Basic maths skills for accountants

There are a few common maths hurdles that budding accountants can trip up on. First Intuition tutor Gareth John provides some useful tips to avoid these mistakes.  

Calculating averages

When businesses are dealing with large volumes of production involving large amounts of resource and costs, it is useful to be able to break these down into averages. This allows us to consider things on a smaller scale.

For example, if we produced 100,000 units using 200,000 kg of material then the average amount of material per unit would be 200,000 kg/100,000 units = 2 kg per unit. This can be useful for:

  • Helping to plan resource requirements. If we are going to produce 2,000 units next week then we need to purchase around 4,000 kg of materials.
  • Identifying unit production costs. If material costs £5 per kg then the total material cost per unit would be £10.
  • Setting prices. Once we have worked out the average costs for making a unit we can add a margin to set a profitable price.

The main thing to be careful about when calculating averages is that you divide the two figures ‘the right way around’. A common mistake is to divide them ‘the wrong way around’ i.e. working out 100,000/200,000 = 0.5 kg per unit rather than the correct 2 kg per unit.

Have a go at these examples:

  • Gohere Railways provide meals for their passengers. They made a total of 1,000,000 meals using a total quantity of 250,000 kg of ingredients. What is the average usage of materials per meal?
  • Runup Ltd spent £210,000 on 700,000 kg of materials. What is the average cost per kg of their purchases?
  • Walkdown Ltd made 200,000 units in 40,000 labour hours.

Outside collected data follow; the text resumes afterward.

lemma sum_le_norm2:
  assumes "square_summable f" and "finite F"
  shows "(\<Sum>x\<in>F. (cmod (f x))\<^sup>2) \<le> norm2 f"
  using assms unfolding square_summable_def norm2_def by (intro finite_sum_le_infsum) auto

lemma norm2_nonneg: "0 \<le> norm2 f"
  unfolding norm2_def by (rule infsum_nonneg) simp

lemma l2_norm_nonneg: "0 \<le> l2_norm f"
  by (simp add: l2_norm_def norm2_nonneg)

lemma norm2_eq_0_iff:
  assumes "square_summable f"
  shows "norm2 f = 0 \<longleftrightarrow> f = 0"
proof
  assume "norm2 f = 0"
  then have "(cmod (f x))\<^sup>2 = 0" for x
    using assms unfolding norm2_def square_summable_def
    by (intro nonneg_infsum_le_0D[where A = UNIV]) auto
  then show "f = 0" by auto
qed (simp add: norm2_def)

lemma l2_norm_eq_0_iff: "square_summable f \<Longrightarrow> l2_norm f = 0 \<longleftrightarrow> f = 0"
  by (simp add: l2_norm_def norm2_eq_0_iff)

lemma l2_norm_zero [simp]: "l2_norm 0 = 0"
  by (simp add: l2_norm_def norm2_def)

lemma l2_norm_uminus [simp]: "l2_norm (- f) = l2_norm f"
  by (simp add: l2_norm_def norm2_def)

lemma l2_norm_minus_commute: "l2_norm (f - g) = l2_norm (g - f)"
  by (metis l2_norm_uminus minus_diff_eq)

lemma l2_norm_le_if_norm2_le: "norm2 f \<le> c * norm2 g \<Longrightarrow> 0 \<le> c \<Longrightarrow> l2_norm f \<le> sqrt c * l2_norm g"
  unfolding l2_norm_def by (metis real_sqrt_le_mono real_sqrt_mult)

lemma square_summable_0 [simp]: "square_summable 0"
  by (simp add: square_summable_def)

lemma square_summable_uminus: "square_summable f \<Longrightarrow> square_summable (- f)"
  by (simp add: square_summable_def)

lemma square_summable_scale: "square_summable f \<Longrightarrow> square_summable (\<lambda>x. c * f x)"
  unfolding square_summable_def by (simp add: norm_mult power_mult_distrib summable_on_cmult_right)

What was the average time taken to make each unit?
  • Strollaway plc paid staff £428,750 for 35,000 hours of work. What was the average wage rate per hour?

Percentage changes

Percentages are a useful way to look at how figures are changing, perhaps over time. If I tell you that the price of a car has changed from £13,500 in year 1 to £14,850 in year 2, then we can see that the price has risen between the two years, but it is not immediately clear by how much. Using percentages (‘per cent’ means ‘parts of a hundred’) can make this much clearer.

To work out the increase as a percentage we can first work out the increase in pounds. £14,850 – £13,500 = £1,350. We normally work out percentage changes based on the starting figure, so in this case we would work it out as £1,350/£13,500 x 100 = 10%.

Another way to work this out is to calculate £14,850/ £13,500 which gives 1.1 which is ‘1 + the percentage increase as a decimal’ or ‘1 + 0.1’ or ‘1 + 10%’. As ever make sure you divide the two figures ‘the right way around’ with the starting figure at the bottom.

Have a go at these examples:

  • A cost has increased from £80 to £100. What is the percentage increase in the cost?
  • A cost had fallen from £150 to £120. What is the percentage decrease in the cost?
  • A price has risen from £18 to £20. What is the percentage increase in the price?
  • The interest rate on our bank loan is increased from 10% to 13%. What is the percentage increase in the interest rate?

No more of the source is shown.